• [Problem requirements]:
Look through the lines below and copy each one that includes "imports".

• [Data for this exercise]:
______

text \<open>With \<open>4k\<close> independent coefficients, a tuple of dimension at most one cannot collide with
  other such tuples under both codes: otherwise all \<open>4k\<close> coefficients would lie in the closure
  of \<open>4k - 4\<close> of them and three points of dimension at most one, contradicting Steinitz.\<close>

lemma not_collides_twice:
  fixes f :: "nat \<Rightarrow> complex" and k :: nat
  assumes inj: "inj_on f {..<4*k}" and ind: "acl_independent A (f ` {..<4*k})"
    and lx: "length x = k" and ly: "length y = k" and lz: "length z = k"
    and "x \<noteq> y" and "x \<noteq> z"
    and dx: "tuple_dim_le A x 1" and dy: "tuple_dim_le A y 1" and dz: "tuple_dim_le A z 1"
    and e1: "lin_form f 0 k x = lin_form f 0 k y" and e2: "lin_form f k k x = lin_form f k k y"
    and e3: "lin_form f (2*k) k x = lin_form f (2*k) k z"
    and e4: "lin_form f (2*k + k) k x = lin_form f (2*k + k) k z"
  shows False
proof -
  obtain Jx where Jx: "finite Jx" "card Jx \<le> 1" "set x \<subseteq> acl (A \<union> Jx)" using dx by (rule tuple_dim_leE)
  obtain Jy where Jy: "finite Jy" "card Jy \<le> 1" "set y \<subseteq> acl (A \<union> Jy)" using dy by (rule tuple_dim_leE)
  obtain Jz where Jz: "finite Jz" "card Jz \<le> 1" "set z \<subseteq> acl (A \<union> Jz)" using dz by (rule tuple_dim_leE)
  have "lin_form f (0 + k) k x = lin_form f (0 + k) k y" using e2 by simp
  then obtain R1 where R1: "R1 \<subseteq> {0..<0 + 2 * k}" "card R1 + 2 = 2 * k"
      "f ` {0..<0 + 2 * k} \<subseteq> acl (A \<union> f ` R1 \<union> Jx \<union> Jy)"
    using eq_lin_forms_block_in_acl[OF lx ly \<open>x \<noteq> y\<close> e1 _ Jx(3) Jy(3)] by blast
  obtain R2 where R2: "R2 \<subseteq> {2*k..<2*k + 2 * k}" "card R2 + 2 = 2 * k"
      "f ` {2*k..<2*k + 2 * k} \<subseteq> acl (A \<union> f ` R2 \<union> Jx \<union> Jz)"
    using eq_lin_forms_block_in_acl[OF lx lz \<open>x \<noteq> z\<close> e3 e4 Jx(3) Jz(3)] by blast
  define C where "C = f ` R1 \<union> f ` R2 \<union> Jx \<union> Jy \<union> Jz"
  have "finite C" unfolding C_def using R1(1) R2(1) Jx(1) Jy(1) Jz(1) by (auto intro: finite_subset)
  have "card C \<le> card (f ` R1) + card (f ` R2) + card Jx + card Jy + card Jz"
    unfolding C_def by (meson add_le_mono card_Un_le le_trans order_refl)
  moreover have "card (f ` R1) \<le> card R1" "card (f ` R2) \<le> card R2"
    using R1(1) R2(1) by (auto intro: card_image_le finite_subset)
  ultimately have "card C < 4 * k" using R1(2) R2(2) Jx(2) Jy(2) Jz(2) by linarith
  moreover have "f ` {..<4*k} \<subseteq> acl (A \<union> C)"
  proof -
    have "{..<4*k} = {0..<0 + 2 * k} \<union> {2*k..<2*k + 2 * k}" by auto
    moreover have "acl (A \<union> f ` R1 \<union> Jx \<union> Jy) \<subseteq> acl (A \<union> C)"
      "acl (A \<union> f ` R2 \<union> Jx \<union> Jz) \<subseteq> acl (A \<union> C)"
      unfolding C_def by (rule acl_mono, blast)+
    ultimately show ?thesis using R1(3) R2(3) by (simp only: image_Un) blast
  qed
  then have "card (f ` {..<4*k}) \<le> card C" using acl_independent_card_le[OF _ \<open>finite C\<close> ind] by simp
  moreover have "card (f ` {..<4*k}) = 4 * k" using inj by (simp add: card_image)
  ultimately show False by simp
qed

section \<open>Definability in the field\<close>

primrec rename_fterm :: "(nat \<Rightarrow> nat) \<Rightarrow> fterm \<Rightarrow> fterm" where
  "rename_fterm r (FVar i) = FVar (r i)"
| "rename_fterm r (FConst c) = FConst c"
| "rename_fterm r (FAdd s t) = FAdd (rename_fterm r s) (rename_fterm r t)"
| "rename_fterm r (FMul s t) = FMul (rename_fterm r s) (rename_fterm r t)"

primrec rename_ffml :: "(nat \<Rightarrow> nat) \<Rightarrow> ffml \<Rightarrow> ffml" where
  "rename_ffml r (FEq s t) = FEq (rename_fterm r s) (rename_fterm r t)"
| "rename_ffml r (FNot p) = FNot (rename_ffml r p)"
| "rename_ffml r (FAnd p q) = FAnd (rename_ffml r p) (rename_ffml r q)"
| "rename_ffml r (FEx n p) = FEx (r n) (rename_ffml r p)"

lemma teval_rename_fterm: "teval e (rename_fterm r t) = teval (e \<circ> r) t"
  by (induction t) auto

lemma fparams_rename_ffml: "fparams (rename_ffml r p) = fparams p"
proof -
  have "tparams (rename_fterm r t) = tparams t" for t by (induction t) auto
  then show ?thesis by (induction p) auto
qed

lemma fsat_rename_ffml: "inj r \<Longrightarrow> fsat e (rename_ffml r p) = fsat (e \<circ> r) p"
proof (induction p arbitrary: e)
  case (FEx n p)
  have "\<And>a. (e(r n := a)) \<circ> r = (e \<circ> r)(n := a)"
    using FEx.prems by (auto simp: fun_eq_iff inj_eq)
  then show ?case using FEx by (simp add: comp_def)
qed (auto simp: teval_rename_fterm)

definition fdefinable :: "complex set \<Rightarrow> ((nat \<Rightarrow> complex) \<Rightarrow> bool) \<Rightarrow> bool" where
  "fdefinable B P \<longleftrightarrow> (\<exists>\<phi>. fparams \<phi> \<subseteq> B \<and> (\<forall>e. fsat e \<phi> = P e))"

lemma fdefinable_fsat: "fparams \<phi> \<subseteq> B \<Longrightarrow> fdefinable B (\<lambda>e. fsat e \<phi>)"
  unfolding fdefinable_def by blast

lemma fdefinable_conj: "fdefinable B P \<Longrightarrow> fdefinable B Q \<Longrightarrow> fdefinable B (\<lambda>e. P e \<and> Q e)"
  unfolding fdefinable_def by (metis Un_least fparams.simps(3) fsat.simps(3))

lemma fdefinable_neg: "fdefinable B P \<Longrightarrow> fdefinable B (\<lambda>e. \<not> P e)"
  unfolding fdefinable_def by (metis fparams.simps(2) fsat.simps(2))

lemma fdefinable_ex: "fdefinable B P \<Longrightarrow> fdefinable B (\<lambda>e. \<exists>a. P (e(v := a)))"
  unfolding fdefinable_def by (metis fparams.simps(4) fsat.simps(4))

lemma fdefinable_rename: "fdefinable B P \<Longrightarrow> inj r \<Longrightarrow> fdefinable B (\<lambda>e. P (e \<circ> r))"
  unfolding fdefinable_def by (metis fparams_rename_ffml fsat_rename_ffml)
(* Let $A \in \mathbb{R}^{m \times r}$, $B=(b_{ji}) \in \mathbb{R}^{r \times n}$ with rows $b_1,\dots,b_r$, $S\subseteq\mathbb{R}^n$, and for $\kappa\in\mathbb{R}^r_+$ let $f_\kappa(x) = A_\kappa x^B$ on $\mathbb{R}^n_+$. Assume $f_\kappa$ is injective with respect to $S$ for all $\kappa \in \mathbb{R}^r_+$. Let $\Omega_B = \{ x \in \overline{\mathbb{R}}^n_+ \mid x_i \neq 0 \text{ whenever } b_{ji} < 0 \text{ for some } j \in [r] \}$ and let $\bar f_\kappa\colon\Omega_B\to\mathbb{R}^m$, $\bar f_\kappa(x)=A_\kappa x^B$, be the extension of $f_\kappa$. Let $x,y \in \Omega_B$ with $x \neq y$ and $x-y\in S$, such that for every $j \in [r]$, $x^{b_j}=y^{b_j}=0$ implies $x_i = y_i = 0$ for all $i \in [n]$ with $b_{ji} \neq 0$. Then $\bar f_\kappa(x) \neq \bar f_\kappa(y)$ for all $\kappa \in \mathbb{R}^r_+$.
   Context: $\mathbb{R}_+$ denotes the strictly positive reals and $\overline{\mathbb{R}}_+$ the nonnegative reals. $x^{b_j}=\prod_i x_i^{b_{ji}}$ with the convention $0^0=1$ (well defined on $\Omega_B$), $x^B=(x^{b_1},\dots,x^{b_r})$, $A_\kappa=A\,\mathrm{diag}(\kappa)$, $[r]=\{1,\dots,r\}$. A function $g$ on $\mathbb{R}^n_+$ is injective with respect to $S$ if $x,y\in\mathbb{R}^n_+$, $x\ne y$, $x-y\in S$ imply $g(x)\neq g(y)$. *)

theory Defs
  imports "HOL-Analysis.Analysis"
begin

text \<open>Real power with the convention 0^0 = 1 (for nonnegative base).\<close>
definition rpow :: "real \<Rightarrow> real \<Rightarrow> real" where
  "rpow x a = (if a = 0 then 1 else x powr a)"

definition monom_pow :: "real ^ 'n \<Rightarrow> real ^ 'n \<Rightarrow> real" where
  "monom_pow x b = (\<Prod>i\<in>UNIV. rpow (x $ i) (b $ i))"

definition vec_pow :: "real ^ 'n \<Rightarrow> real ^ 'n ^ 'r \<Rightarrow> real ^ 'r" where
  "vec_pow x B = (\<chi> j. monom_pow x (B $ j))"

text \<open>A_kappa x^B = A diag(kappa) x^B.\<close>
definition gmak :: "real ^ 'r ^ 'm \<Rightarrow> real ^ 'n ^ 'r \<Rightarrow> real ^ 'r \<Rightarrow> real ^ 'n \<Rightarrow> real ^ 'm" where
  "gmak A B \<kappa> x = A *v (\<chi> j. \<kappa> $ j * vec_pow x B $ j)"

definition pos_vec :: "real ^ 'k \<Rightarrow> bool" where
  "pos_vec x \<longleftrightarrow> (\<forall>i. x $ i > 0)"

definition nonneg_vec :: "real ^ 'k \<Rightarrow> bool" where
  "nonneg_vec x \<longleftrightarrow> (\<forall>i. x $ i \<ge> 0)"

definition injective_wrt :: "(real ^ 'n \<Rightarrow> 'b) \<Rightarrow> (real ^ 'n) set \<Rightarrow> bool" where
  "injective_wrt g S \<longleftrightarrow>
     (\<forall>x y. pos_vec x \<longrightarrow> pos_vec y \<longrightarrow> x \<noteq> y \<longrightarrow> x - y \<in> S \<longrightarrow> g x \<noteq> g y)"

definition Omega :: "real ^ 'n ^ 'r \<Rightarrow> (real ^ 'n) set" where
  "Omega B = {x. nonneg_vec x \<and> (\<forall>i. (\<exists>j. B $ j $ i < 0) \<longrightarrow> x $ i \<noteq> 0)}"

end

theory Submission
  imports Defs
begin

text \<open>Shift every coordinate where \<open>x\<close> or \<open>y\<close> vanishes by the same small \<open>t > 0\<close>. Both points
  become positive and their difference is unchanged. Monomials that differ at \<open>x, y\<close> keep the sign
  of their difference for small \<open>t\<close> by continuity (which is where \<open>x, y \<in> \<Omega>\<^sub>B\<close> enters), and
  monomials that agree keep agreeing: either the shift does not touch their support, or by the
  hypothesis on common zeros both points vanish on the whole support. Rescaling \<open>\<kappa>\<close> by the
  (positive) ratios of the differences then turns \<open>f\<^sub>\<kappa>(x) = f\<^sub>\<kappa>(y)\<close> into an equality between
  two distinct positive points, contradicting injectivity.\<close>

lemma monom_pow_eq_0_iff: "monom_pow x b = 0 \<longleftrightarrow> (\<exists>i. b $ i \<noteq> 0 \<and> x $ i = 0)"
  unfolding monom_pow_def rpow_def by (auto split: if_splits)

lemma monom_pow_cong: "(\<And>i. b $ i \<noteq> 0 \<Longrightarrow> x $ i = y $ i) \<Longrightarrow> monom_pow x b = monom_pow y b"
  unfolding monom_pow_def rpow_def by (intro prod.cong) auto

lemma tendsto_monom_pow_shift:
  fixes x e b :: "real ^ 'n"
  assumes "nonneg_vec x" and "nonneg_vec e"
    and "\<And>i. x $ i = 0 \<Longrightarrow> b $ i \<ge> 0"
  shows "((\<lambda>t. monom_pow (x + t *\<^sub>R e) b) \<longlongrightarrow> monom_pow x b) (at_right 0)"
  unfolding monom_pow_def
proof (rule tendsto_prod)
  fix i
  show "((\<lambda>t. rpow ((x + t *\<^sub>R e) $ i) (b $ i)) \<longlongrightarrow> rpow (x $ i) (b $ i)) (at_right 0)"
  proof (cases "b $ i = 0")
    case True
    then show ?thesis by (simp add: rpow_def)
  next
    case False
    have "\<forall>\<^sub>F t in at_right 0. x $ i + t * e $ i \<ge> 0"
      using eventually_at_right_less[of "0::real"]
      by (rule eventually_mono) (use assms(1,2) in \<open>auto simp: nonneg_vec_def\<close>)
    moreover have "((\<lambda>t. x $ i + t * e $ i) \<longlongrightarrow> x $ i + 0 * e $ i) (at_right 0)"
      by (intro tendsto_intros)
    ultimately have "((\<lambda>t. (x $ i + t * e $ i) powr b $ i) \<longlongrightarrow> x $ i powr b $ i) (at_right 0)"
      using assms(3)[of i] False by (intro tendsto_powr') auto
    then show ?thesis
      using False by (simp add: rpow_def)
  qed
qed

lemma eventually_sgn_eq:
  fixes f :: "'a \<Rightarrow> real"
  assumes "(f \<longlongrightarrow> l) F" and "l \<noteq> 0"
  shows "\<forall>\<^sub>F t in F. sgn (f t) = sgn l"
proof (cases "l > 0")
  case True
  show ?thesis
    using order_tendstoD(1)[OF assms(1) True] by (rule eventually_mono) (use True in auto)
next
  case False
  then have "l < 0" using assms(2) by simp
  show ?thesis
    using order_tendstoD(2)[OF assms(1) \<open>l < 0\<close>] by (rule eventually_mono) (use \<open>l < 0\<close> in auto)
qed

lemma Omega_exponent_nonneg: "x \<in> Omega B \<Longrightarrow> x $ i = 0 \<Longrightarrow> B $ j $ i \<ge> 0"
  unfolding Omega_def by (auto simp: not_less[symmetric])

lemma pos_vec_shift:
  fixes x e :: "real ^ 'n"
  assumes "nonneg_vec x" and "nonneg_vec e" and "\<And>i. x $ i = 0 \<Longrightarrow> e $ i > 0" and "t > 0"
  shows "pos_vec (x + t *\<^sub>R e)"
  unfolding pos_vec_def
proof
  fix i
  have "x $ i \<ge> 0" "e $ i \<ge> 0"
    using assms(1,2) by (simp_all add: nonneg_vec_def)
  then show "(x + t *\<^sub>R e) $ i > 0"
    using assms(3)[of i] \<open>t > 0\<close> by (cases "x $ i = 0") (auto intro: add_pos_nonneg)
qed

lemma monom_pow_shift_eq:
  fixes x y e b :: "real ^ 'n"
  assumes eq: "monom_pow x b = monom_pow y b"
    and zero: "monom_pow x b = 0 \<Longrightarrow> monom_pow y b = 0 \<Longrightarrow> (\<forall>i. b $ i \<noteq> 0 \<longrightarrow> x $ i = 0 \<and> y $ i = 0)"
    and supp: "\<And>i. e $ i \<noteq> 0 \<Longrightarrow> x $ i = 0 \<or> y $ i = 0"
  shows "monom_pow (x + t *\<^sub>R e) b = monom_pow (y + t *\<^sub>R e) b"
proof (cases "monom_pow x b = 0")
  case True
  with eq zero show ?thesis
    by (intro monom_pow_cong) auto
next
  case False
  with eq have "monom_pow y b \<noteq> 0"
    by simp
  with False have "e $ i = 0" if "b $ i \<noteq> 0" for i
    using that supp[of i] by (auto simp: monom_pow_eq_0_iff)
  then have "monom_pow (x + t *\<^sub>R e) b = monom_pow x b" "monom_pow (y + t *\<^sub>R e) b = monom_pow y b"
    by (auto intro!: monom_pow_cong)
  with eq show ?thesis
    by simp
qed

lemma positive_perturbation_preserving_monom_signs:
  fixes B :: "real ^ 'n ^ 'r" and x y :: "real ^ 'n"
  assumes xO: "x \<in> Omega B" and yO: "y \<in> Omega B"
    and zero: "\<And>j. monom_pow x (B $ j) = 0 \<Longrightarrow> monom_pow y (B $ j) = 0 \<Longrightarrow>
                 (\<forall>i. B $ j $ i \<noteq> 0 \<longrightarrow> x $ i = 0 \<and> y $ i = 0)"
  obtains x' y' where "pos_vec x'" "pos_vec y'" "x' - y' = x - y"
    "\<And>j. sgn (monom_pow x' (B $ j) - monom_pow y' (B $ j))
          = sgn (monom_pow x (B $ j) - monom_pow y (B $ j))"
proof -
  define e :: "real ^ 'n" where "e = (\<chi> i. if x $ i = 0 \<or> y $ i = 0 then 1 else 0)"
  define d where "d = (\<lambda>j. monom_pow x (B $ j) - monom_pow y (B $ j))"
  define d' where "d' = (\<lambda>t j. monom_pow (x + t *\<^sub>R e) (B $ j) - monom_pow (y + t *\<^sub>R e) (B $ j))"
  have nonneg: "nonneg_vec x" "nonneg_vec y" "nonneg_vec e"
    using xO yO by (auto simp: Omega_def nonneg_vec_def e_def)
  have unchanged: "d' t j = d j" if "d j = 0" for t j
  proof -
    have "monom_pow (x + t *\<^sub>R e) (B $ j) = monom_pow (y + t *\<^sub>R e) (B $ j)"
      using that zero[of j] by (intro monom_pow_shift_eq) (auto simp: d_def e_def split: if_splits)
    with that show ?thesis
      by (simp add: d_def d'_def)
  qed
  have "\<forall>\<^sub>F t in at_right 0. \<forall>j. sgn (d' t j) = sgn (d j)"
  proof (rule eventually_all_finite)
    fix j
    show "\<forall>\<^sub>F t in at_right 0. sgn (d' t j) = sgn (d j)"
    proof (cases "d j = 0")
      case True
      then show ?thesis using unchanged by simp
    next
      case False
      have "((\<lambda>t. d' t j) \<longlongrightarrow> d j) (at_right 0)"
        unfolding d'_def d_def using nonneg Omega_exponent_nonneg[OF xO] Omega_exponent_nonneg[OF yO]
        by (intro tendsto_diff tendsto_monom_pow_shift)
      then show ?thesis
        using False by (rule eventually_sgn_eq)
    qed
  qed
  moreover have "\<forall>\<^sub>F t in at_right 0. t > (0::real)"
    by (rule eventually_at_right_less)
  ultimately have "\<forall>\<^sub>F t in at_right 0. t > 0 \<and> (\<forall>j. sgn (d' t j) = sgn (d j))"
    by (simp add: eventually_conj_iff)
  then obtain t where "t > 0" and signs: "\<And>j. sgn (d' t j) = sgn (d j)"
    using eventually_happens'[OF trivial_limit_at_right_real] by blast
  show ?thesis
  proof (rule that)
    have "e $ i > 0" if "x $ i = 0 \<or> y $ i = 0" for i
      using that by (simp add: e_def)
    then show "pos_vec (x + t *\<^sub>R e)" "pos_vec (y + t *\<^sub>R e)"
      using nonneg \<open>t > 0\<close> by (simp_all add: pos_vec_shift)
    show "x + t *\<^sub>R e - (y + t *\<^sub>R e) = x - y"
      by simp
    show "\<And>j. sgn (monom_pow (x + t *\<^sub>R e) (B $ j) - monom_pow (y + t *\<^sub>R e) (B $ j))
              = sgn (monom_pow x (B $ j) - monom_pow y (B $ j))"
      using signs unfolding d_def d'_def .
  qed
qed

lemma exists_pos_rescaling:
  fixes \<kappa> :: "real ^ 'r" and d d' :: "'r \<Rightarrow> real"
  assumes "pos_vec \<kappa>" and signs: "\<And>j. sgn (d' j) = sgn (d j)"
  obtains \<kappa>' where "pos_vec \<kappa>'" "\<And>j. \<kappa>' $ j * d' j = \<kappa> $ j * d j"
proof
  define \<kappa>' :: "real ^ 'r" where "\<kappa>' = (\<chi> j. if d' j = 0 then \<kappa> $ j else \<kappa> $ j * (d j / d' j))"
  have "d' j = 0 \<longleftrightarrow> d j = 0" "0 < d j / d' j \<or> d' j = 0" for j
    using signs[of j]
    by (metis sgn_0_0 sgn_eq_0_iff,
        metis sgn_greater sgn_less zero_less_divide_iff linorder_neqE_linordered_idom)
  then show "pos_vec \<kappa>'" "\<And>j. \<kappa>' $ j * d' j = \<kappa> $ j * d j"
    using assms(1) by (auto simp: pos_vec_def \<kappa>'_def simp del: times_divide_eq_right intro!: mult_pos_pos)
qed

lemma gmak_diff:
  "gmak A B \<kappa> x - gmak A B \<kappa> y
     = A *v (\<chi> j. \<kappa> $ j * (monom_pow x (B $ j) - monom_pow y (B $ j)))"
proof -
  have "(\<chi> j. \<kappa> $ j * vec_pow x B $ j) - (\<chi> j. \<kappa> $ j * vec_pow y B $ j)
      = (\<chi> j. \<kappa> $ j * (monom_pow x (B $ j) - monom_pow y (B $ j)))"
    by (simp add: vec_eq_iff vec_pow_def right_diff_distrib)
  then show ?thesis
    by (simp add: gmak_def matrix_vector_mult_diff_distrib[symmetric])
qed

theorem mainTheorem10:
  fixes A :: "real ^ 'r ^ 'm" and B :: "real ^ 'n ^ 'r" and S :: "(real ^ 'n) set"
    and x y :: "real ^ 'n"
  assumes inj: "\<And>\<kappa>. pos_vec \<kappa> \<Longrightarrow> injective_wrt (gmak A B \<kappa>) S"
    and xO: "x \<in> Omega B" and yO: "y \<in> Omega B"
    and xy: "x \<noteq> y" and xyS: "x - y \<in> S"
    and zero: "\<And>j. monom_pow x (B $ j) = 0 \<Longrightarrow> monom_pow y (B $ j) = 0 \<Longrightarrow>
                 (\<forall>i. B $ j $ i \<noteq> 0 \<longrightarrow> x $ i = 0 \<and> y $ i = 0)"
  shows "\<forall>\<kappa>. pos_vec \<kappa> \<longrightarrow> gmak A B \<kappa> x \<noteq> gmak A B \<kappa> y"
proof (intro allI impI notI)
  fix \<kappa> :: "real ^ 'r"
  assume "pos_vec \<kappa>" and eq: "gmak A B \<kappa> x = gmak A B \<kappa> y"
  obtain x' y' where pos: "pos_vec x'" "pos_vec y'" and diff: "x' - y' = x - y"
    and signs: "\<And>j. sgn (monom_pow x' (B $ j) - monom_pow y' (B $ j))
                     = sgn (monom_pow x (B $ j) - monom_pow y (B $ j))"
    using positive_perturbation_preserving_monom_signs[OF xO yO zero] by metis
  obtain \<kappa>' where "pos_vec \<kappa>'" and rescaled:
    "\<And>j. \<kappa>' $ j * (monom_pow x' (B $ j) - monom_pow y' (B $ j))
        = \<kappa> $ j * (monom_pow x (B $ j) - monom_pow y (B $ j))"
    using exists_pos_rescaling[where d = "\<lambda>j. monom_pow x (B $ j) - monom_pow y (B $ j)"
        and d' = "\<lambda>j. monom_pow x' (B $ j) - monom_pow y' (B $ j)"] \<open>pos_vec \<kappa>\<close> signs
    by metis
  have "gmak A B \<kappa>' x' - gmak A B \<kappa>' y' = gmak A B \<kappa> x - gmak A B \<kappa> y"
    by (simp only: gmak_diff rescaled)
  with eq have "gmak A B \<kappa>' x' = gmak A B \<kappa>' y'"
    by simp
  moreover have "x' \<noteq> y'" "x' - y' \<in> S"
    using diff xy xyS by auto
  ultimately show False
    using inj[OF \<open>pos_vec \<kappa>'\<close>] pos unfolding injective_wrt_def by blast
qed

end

______

• [Response to this exercise]:
  imports "HOL-Analysis.Analysis"
  imports Defs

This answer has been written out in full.